On our missions base, our prayer times and services continually pastiched with the telltale chirps of self phones*. Just this morning, after worship I stopped playing the piano and the first sound was not a prayer, not an amen, but the electronic ditty of a mobile that I’m sure was an emergency. (sarcastic italics not available in all email formats) It happens in church on Sundays and in restaurants on Saturdays and every day in between. These are people I love who love God too but can’t give Him priority over their ringers.
I’ve been reluctant to join in this sort of cacophony. So after I gave up on our line being repaired, I relented aloud that I needed to buy one. Tim, a good friend, told me, “I have an old
self phone you can have.

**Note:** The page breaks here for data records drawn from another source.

(* Let $k\ge5$ be an integer and let $F:(\mathbb R^3\times\mathbb R,0)\to(\mathbb R^2,0)$, $F(x,y,z,t)=\bigl(x,\ (y(x^2+y^2+z^2))^3+x^2y(x^2+y^2+z^2)+tx^k\bigr)$, viewed as a deformation of $F_0=F(\cdot,\cdot,\cdot,0)$. Then $\operatorname{Sing}F=V(F)=\{x=y=0\}$; $F$ does not satisfy condition (L): there is no $0<\theta<1$ such that for every $x_0\in F_0^{-1}(0)\cap\operatorname{Sing}F_0\setminus\{0\}$ some $c(x_0)>0$ gives $\|F(x,t)\|^\theta\le c(x_0)\nu_{F_t}(x)$ for $(x,t)\notin\operatorname{Sing}\widetilde F$ near $(x_0,0)$; whereas $F$ does satisfy condition (P): for every $p\in F_0^{-1}(0)\cap\operatorname{Sing}F_0\setminus\{0\}$ there is $c(p)>0$ with $\|\partial F/\partial t(x,y,z,t)\|\le c(p)\nu_{F_t}(x,y,z)$ for all points $\notin\operatorname{Sing}\widetilde F$ near $(p,0)$.
   Context: For $F=(f_1,\dots,f_m)$ depending on $(u,t)\in\mathbb R^n\times\mathbb R$, $\nu_{F_t}(u):=\min_{a\in\mathbb R^m,\|a\|=1}\bigl\|\sum_i a_i\operatorname{grad}_u f_i(u,t)\bigr\|$, where $\operatorname{grad}_u$ contains only the derivatives in the variables $u$ (here $u=(x,y,z)$). $\widetilde F(u,t)=(F(u,t),t)$; $V(F)=F^{-1}(0)$; $\operatorname{Sing}$ of a map is the set where its Jacobian has rank less than the target dimension. *)

theory Defs
  imports "HOL-Analysis.Analysis"
begin

definition grad :: "('a::euclidean_space \<Rightarrow> real) \<Rightarrow> 'a \<Rightarrow> 'a" where
  "grad f u = (\<Sum>b\<in>Basis. frechet_derivative f (at u) b *\<^sub>R b)"

definition nu :: "('a::euclidean_space \<Rightarrow> 'b::euclidean_space) \<Rightarrow> 'a \<Rightarrow> real" where
  "nu G u = Inf {norm (\<Sum>i\<in>Basis. (a \<bullet> i) *\<^sub>R grad (\<lambda>v. G v \<bullet> i) u) | a::'b. norm a = 1}"

definition Sing :: "('a::euclidean_space \<Rightarrow> 'b::euclidean_space) \<Rightarrow> 'a set" where
  "Sing G = {p. dim (range (frechet_derivative G (at p))) < DIM('b)}"

definition Fk :: "nat \<Rightarrow> real^3 \<Rightarrow> real \<Rightarrow> real^2" where
  "Fk k u t = (let x = u$1; y = u$2; z = u$3; r = x^2 + y^2 + z^2 in
     vector [x, (y * r)^3 + x^2 * y * r + t * x^k])"

definition Fmap :: "nat \<Rightarrow> (real^3) \<times> real \<Rightarrow> real^2" where
  "Fmap k p = Fk k (fst p) (snd p)"

definition Ftilde :: "nat \<Rightarrow> (real^3) \<times> real \<Rightarrow> (real^2) \<times> real" where
  "Ftilde k p = (Fmap k p, snd p)"

end

theory Submission imports Defs begin

text \<open>The Jacobian of \<open>F\<close> has first row \<open>e\<^sub>1\<close>, so its rank drops exactly where
  \<open>\<partial>F\<^sub>2/\<partial>y\<close> and \<open>\<partial>F\<^sub>2/\<partial>t = x\<^sup>k\<close> vanish, i.e. on \<open>x = y = 0\<close>, which is also the zero set.
  Writing \<open>\<partial>F\<^sub>2/\<partial>u = (A, B, C)\<close>, the quantity \<open>\<nu>\<close> is at most \<open>\<parallel>(A, B, C)\<parallel>\<close> and at least
  \<open>min 1 \<bar>B\<bar> / (2(M + 1))\<close> whenever \<open>\<bar>A\<bar> \<le> M\<close>.
  Condition (L) fails at \<open>(0, 0, 1)\<close>: at \<open>u = (x, 0, 1)\<close>, \<open>t = 0\<close> we have \<open>\<parallel>F\<parallel> = x\<close> but
  \<open>\<nu> \<le> B = (x\<^sup>2 + 1) x\<^sup>2\<close>, so \<open>x\<^sup>\<theta> \<le> c \<nu>\<close> breaks down as \<open>x \<rightarrow> 0\<close>.
  Condition (P) holds near \<open>(0, 0, z\<^sub>0)\<close>: there \<open>B \<ge> z\<^sup>2 x\<^sup>2 \<ge> z\<^sub>0\<^sup>2 x\<^sup>2 / 4\<close> and \<open>A\<close> is bounded,
  while \<open>\<parallel>\<partial>F/\<partial>t\<parallel> = \<bar>x\<bar>\<^sup>k \<le> x\<^sup>2\<close>.\<close>

lemma has_derivative_vec2I:
  fixes f :: "'a::real_normed_vector \<Rightarrow> real^2"
  assumes "((\<lambda>x. f x $ 1) has_derivative (\<lambda>h. f' h $ 1)) (at a)"
    and "((\<lambda>x. f x $ 2) has_derivative (\<lambda>h. f' h $ 2)) (at a)"
  shows "(f has_derivative f') (at a)"
proof -
  have "\<forall>i. ((\<lambda>x. f x $ i) has_derivative (\<lambda>h. f' h $ i)) (at a)"
    unfolding forall_2 using assms by blast
  then show ?thesis
    by (subst has_derivative_componentwise_within) (auto simp: Basis_vec_def inner_axis)
qed

lemma Sing_iff_not_surj:
  fixes G :: "'a::euclidean_space \<Rightarrow> 'b::euclidean_space"
  assumes "(G has_derivative L) (at p)"
  shows "p \<in> Sing G \<longleftrightarrow> \<not> surj L"
proof -
  have "span (range L) = range L"
    using linear_subspace_image[OF has_derivative_linear[OF assms] subspace_UNIV] by simp
  then have "dim (range L) = DIM('b) \<longleftrightarrow> surj L"
    by (metis dim_eq_full)
  moreover have "dim (range L) \<le> DIM('b)"
    by (rule dim_subset_UNIV)
  ultimately show ?thesis
    by (auto simp: Sing_def frechet_derivative_at[OF assms, symmetric])
qed

lemma not_surj_if_collinear:
  fixes L :: "'a \<Rightarrow> real^2"
  assumes "\<And>h. L h $ 2 = a * L h $ 1"
  shows "\<not> surj L"
proof
  assume "surj L"
  then obtain h where "L h = vector [0, 1]" by (metis surjD)
  with assms[of h] show False by simp
qed

lemma grad_eq_of_has_derivative:
  assumes "(f has_derivative (\<lambda>h. h \<bullet> g)) (at u)"
  shows "grad f u = g"
  unfolding grad_def frechet_derivative_at[OF assms, symmetric]
  by (subst (2) euclidean_representation[symmetric]) (simp add: inner_commute)

lemma norm_vector_2: "norm (vector [a, b] :: real^2) = sqrt (a^2 + b^2)"
  by (simp add: norm_vec_def L2_set_def sum_2)

lemma norm_vector_3: "norm (vector [a, b, c] :: real^3) = sqrt (a^2 + b^2 + c^2)"
  by (simp add: norm_vec_def L2_set_def sum_3)

lemma square_le_abs: "\<bar>x\<bar> \<le> 1 \<Longrightarrow> (x::real)^2 \<le> \<bar>x\<bar>"
  by (metis abs_ge_zero mult_left_le_one_le power2_abs power2_eq_square)

lemma unit_vector_abs_ge: "(a::real)^2 + b^2 = 1 \<Longrightarrow> 1 - \<bar>b\<bar> \<le> \<bar>a\<bar>"
proof -
  assume unit: "a^2 + b^2 = 1"
  then have "a^2 \<le> 1" "b^2 \<le> 1" using zero_le_power2[of a] zero_le_power2[of b] by linarith+
  then have "a^2 \<le> \<bar>a\<bar>" "b^2 \<le> \<bar>b\<bar>" by (simp_all add: abs_square_le_1 square_le_abs)
  with unit show ?thesis by linarith
qed

lemma unit_combination_lower_bound:
  fixes a b A B C M :: real
  assumes unit: "a^2 + b^2 = 1" and A: "\<bar>A\<bar> \<le> M"
  shows "min 1 \<bar>B\<bar> / (2*(M+1)) \<le> sqrt ((a + b*A)^2 + (b*B)^2 + (b*C)^2)"
proof -
  define \<epsilon> where "\<epsilon> = 1 / (2*(M+1))"
  have M: "0 \<le> M" using A by linarith
  have \<epsilon>: "0 < \<epsilon>" "\<epsilon> \<le> 1/2" "\<epsilon> * (M+1) = 1/2" using M by (auto simp: \<epsilon>_def)
  have "\<epsilon> * min 1 \<bar>B\<bar> \<le> max \<bar>a + b*A\<bar> \<bar>b*B\<bar>"
  proof (cases "\<epsilon> \<le> \<bar>b\<bar>")
    case True
    have "\<epsilon> * min 1 \<bar>B\<bar> \<le> \<bar>b\<bar> * \<bar>B\<bar>" using True \<epsilon> by (intro mult_mono) auto
    then show ?thesis by (simp add: abs_mult le_max_iff_disj)
  next
    case False
    have "\<bar>b*A\<bar> \<le> \<bar>b\<bar> * M" using A by (simp add: abs_mult mult_left_mono)
    moreover have "\<bar>b\<bar> * (M+1) \<le> 1/2" using False \<epsilon> M by (metis less_eq_real_def mult_right_mono not_le add_nonneg_pos zero_less_one)
    moreover have "\<bar>a\<bar> - \<bar>b*A\<bar> \<le> \<bar>a + b*A\<bar>" by linarith
    ultimately have "1/2 \<le> \<bar>a + b*A\<bar>" using unit_vector_abs_ge[OF unit] by (simp add: algebra_simps)
    moreover have "\<epsilon> * min 1 \<bar>B\<bar> \<le> 1/2" using \<epsilon> by (smt (verit) mult_left_le)
    ultimately show ?thesis by linarith
  qed
  also have "\<dots> \<le> sqrt ((a + b*A)^2 + (b*B)^2 + (b*C)^2)"
    by (simp add: real_le_rsqrt)
  finally show ?thesis by (simp add: \<epsilon>_def)
qed

lemma nu_eq_Inf:
  fixes G :: "real^3 \<Rightarrow> real^2"
  assumes "(G has_derivative (\<lambda>h. vector [h$1, A*h$1 + B*h$2 + C*h$3])) (at u)"
  shows "nu G u = Inf {norm (vector [a$1 + a$2*A, a$2*B, a$2*C] :: real^3) | a::real^2. norm a = 1}"
proof -
  have d: "((\<lambda>v. G v \<bullet> i) has_derivative (\<lambda>h. vector [h$1, A*h$1 + B*h$2 + C*h$3] \<bullet> i)) (at u)" for i
    by (rule bounded_linear.has_derivative[OF bounded_linear_inner_left assms])
  have grad1: "grad (\<lambda>v. G v \<bullet> axis 1 1) u = axis 1 1"
    by (rule grad_eq_of_has_derivative) (use d[of "axis 1 1"] in \<open>simp add: inner_axis\<close>)
  have "(\<lambda>h. h \<bullet> vector [A, B, C]) = (\<lambda>h::real^3. vector [h$1, A*h$1 + B*h$2 + C*h$3] \<bullet> (axis 2 1 :: real^2))"
    by (rule ext) (simp add: inner_axis, simp add: inner_vec_def sum_3 mult.commute)
  then have grad2: "grad (\<lambda>v. G v \<bullet> axis 2 1) u = vector [A, B, C]"
    using d[of "axis 2 1"] by (intro grad_eq_of_has_derivative) simp
  have Basis: "(Basis :: (real^2) set) = {axis 1 1, axis 2 1}"
    by (auto simp: Basis_vec_def) (metis exhaust_2)
  have "(\<Sum>i\<in>Basis. (a \<bullet> i) *\<^sub>R grad (\<lambda>v. G v \<bullet> i) u) = (vector [a$1 + a$2*A, a$2*B, a$2*C] :: real^3)"
    for a :: "real^2"
    unfolding Basis using grad1 grad2
    by (simp add: axis_eq_axis inner_axis, simp add: vec_eq_iff forall_3 axis_def)
  then show ?thesis unfolding nu_def by simp
qed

It’s not reliable and shuts off sometimes when you walk around with it in your pocket, but you’re welcome to it.”
Free phone? Beats throwing money away for something I didn’t want. I accepted the offer. My roommates were delighted that I brought the beast home. But the phone didn’t work at all.
“No, this is perfect.” I told them, somewhat relieved. “I can honestly tell people I have a self phone without being bothered day by day by the noise of it.” And I dropped it in my coat pocket.

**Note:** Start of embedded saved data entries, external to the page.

lemma tree_of_elementary_groups_exponents:
  fixes V E :: "nat \<Rightarrow> 'b monoid"
  assumes p: "Factorial_Ring.prime p"
    and gog: "graph_of_groups k src tgt V E \<alpha> \<beta>"
    and vert: "\<forall>v < k. \<exists>m::nat. V v \<cong> product_group {..<m} (\<lambda>_. integer_mod_group p)"
    and proper: "\<forall>e < k - 1. \<alpha> e ` carrier (E e) \<noteq> carrier (V (src e)) \<and>
                     \<beta> e ` carrier (E e) \<noteq> carrier (V (tgt e))"
  obtains a b where "\<And>v. v < k \<Longrightarrow> card (carrier (V v)) = p ^ a v"
    "\<And>e. e < k - 1 \<Longrightarrow> card (carrier (E e)) = p ^ b e"
    "\<And>e. e < k - 1 \<Longrightarrow> b e < a (src e) \<and> b e < a (tgt e)"
proof -
  have exp: "multiplicity p (p ^ m) = m" for m
    using p by (simp add: multiplicity_same_power prime_gt_0_nat)
  define a where "a v = multiplicity p (card (carrier (V v)))" for v
  define b where "b e = multiplicity p (card (carrier (E e)))" for e
  have a: "card (carrier (V v)) = p ^ a v" if v: "v < k" for v
  proof -
    obtain m :: nat where "V v \<cong> product_group {..<m} (\<lambda>_. integer_mod_group p)"
      using vert[rule_format, OF v] ..
    then have "card (carrier (V v)) = p ^ m"
      by (rule card_elementary_abelian[rotated]) (use p prime_gt_0_nat in simp)
    then show ?thesis by (simp add: a_def exp)
  qed
  have edge: "src e < k" "tgt e < k" "group (E e)" "group (V (src e))" "group (V (tgt e))"
    "\<alpha> e \<in> hom (E e) (V (src e))" "inj_on (\<alpha> e) (carrier (E e))"
    "\<beta> e \<in> hom (E e) (V (tgt e))" "inj_on (\<beta> e) (carrier (E e))" if "e < k - 1" for e
    using gog that by (auto simp: graph_of_groups_def tree_graph_def)
  have b: "card (carrier (E e)) = p ^ b e" "b e < a (src e) \<and> b e < a (tgt e)"
    if e: "e < k - 1" for e
  proof -
    obtain i where i: "i < a (src e)" "card (carrier (E e)) = p ^ i"
      using proper_subgroup_prime_power_order[OF p edge(4)[OF e] a[OF edge(1)[OF e]]
          edge(3,6,7)[OF e]] proper e by blast
    obtain j where j: "j < a (tgt e)" "card (carrier (E e)) = p ^ j"
      using proper_subgroup_prime_power_order[OF p edge(5)[OF e] a[OF edge(2)[OF e]]
          edge(3,8,9)[OF e]] proper e by blast
    have "b e = i" using i(2) by (simp add: b_def exp)
    moreover have "b e = j" using j(2) by (simp add: b_def exp)
    ultimately show "card (carrier (E e)) = p ^ b e" "b e < a (src e) \<and> b e < a (tgt e)"
      using i j by simp_all
  qed
  show ?thesis using that a b by blast
qed
lemma localize_numerator_in_ideal:
  assumes m: "prime_ideal R m" and x: "x = a / s" "a \<in> R" "s \<in> R" "s \<notin> m"
    and "inverse x \<notin> localize R m"
  shows "a \<in> m"
  using assms localize_memI[of s R a m] by auto

lemma localize_inverse_of_bezout:
  assumes R: "subring R" and m: "prime_ideal R m"
    and L: "x \<in> localize R m" "z \<in> localize R m" "p \<in> localize R m" "q \<in> localize R m"
    and bezout: "p * x + q * z = 1"
  shows "inverse x \<in> localize R m \<or> inverse z \<in> localize R m"
proof (rule ccontr)
  assume no_inverse: "\<not> (inverse x \<in> localize R m \<or> inverse z \<in> localize R m)"
  obtain a s a' s' b t b' t' where
    x: "x = a / s" "a \<in> R" "s \<in> R" "s \<notin> m" and z: "z = a' / s'" "a' \<in> R" "s' \<in> R" "s' \<notin> m" and
    p: "p = b / t" "b \<in> R" "t \<in> R" "t \<notin> m" and q: "q = b' / t'" "b' \<in> R" "t' \<in> R" "t' \<notin> m"
    using L unfolding localize_def by blast
  have "a \<in> m" "a' \<in> m"
    using localize_numerator_in_ideal[OF m x] localize_numerator_in_ideal[OF m z] no_inverse by blast+
  have "s \<noteq> 0" "s' \<noteq> 0" "t \<noteq> 0" "t' \<noteq> 0" using prime_ideal_nonzero[OF m] x z p q by auto
  then have "s * s' * t * t' = (b * t' * s') * a + (b' * t * s) * a'"
    using bezout unfolding x z p q by (simp add: field_simps)
  moreover have "(b * t' * s') * a + (b' * t * s) * a' \<in> m"
    using m \<open>a \<in> m\<close> \<open>a' \<in> m\<close> R p q x z unfolding prime_ideal_def is_ideal_def subring_def by simp
  moreover have "s * s' * t * t' \<notin> m"
    using prime_ideal_mult[OF m] R x z p q by (simp add: subring_def)
  ultimately show False by simp
qed

section \<open>Polynomials inside the rational function field\<close>

definition const_fract :: "'a::idom \<Rightarrow> 'a poly fract" where
  "const_fract a = to_fract [:a:]"

lemma const_fract_0 [simp]: "const_fract 0 = 0"
  and const_fract_add [simp]: "const_fract (a + b) = const_fract a + const_fract b"
  and const_fract_mult [simp]: "const_fract (a * b) = const_fract a * const_fract b"
  and const_fract_eq_0_iff [simp]: "const_fract a = 0 \<longleftrightarrow> a = 0"
  by (simp_all add: const_fract_def flip: to_fract_mult to_fract_add)

lemma const_fract_1 [simp]: "const_fract 1 = 1"
  by (simp add: const_fract_def flip: one_pCons)

lemma const_fract_power [simp]: "const_fract (a ^ n) = const_fract a ^ n"
  by (induct n) simp_all

lemma const_fract_sum [simp]: "const_fract (sum f A) = (\<Sum>a\<in>A. const_fract (f a))"
  by (induct A rule: infinite_finite_induct) simp_all

lemma const_fract_inverse [simp]: "const_fract (inverse (a::'a::field)) = inverse (const_fract a)"
proof (cases "a = 0")
  case False
  then have "const_fract a * const_fract (inverse a) = 1"
    by (simp del: const_fract_mult add: const_fract_mult[symmetric])
  then show ?thesis by (simp add: inverse_unique)
qed simp

lemma const_fract_divide [simp]: "const_fract ((a::'a::field) / b) = const_fract a / const_fract b"
  by (simp add: divide_inverse)

lemma const_fract_power_int [simp]: "const_fract ((a::'a::field) powi k) = const_fract a powi k"
  by (simp add: power_int_def)

lemma to_fract_power: "to_fract (p ^ n) = to_fract p ^ n"
  by (induct n) simp_all

lemma to_fract_smult: "to_fract (smult c p) = const_fract c * to_fract p"
  by (simp add: const_fract_def flip: to_fract_mult)

(* Only usable instantiated: the right-hand side contains pCons again. *)
lemma to_fract_pCons: "to_fract (pCons a p) = const_fract a + to_fract [:0, 1:] * to_fract p"
proof -
  have "pCons a p = [:a:] + [:0, 1:] * p" by simp
  then show ?thesis by (simp add: const_fract_def flip: to_fract_mult to_fract_add)
qed

lemma subring_range_to_fract: "subring (range (to_fract :: 'a::idom \<Rightarrow> 'a fract))"
  unfolding subring_def
proof (intro conjI ballI)
  show "0 \<in> range to_fract" "1 \<in> range to_fract" by (metis rangeI to_fract_0, metis rangeI to_fract_1)
  fix x y :: "'a fract" assume "x \<in> range to_fract" "y \<in> range to_fract"
  then obtain a b where "x = to_fract a" "y = to_fract b" by blast
  then show "x + y \<in> range to_fract" "x * y \<in> range to_fract" "- x \<in> range to_fract"
    by (simp_all flip: to_fract_add to_fract_mult to_fract_uminus)
qed

lemma poly_part_eq: "poly_part W = W \<inter> range to_fract"
  by (auto simp: poly_part_def to_fract_def)

lemma poly_part_subring: "subring W \<Longrightarrow> subring (poly_part W)"
  by (simp add: poly_part_eq subring_Int subring_range_to_fract)

lemma to_fract_in_subringI:
  assumes W: "subring W" "to_fract [:0, 1:] \<in> W" and coeffs: "\<And>i. const_fract (coeff p i) \<in> W"
  shows "to_fract p \<in> W"
  using coeffs
proof (induct p)
  case 0
  then show ?case using W(1) by (simp add: subring_def)
next
  case (pCons a p)
  have "const_fract a \<in> W" using pCons(3)[of 0] by simp
  moreover have "to_fract p \<in> W" using pCons(2) pCons(3)[of "Suc i" for i] by simp
  ultimately show ?case
    unfolding to_fract_pCons[of a p] using W by (intro subring_add subring_mult) simp_all
qed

Later I was walking home one of the girls (don’t get goofy ideas. We live in the city and I walk home all the girls) and pulled out the gizmo. She told me, “Oh I have a self phone just like that, except the back keeps sliding off so I bought a new one. You can have the old one if you want, it really does work.”
So now I had not one but two cell phones. I took the back off of Tim’s phone and put it on Krista’s phone and it stays fine. And while Krista’s phone worked but she couldn’t find the charger, Tim had a charger but no working phone. So I created one working self phone from the two cast offs, a virtual Franken-Selfphone.
And so I’m making the best of a necessary evil. All the same, I feel like I’ve violated some sort high principle. What if this is the first step toward spiraling down some moral abyss, where next I’ll start drinking coffee, then start eating tofu, then at the very bottom, I’ll buy a Macintosh computer. Just keep me in your prayers.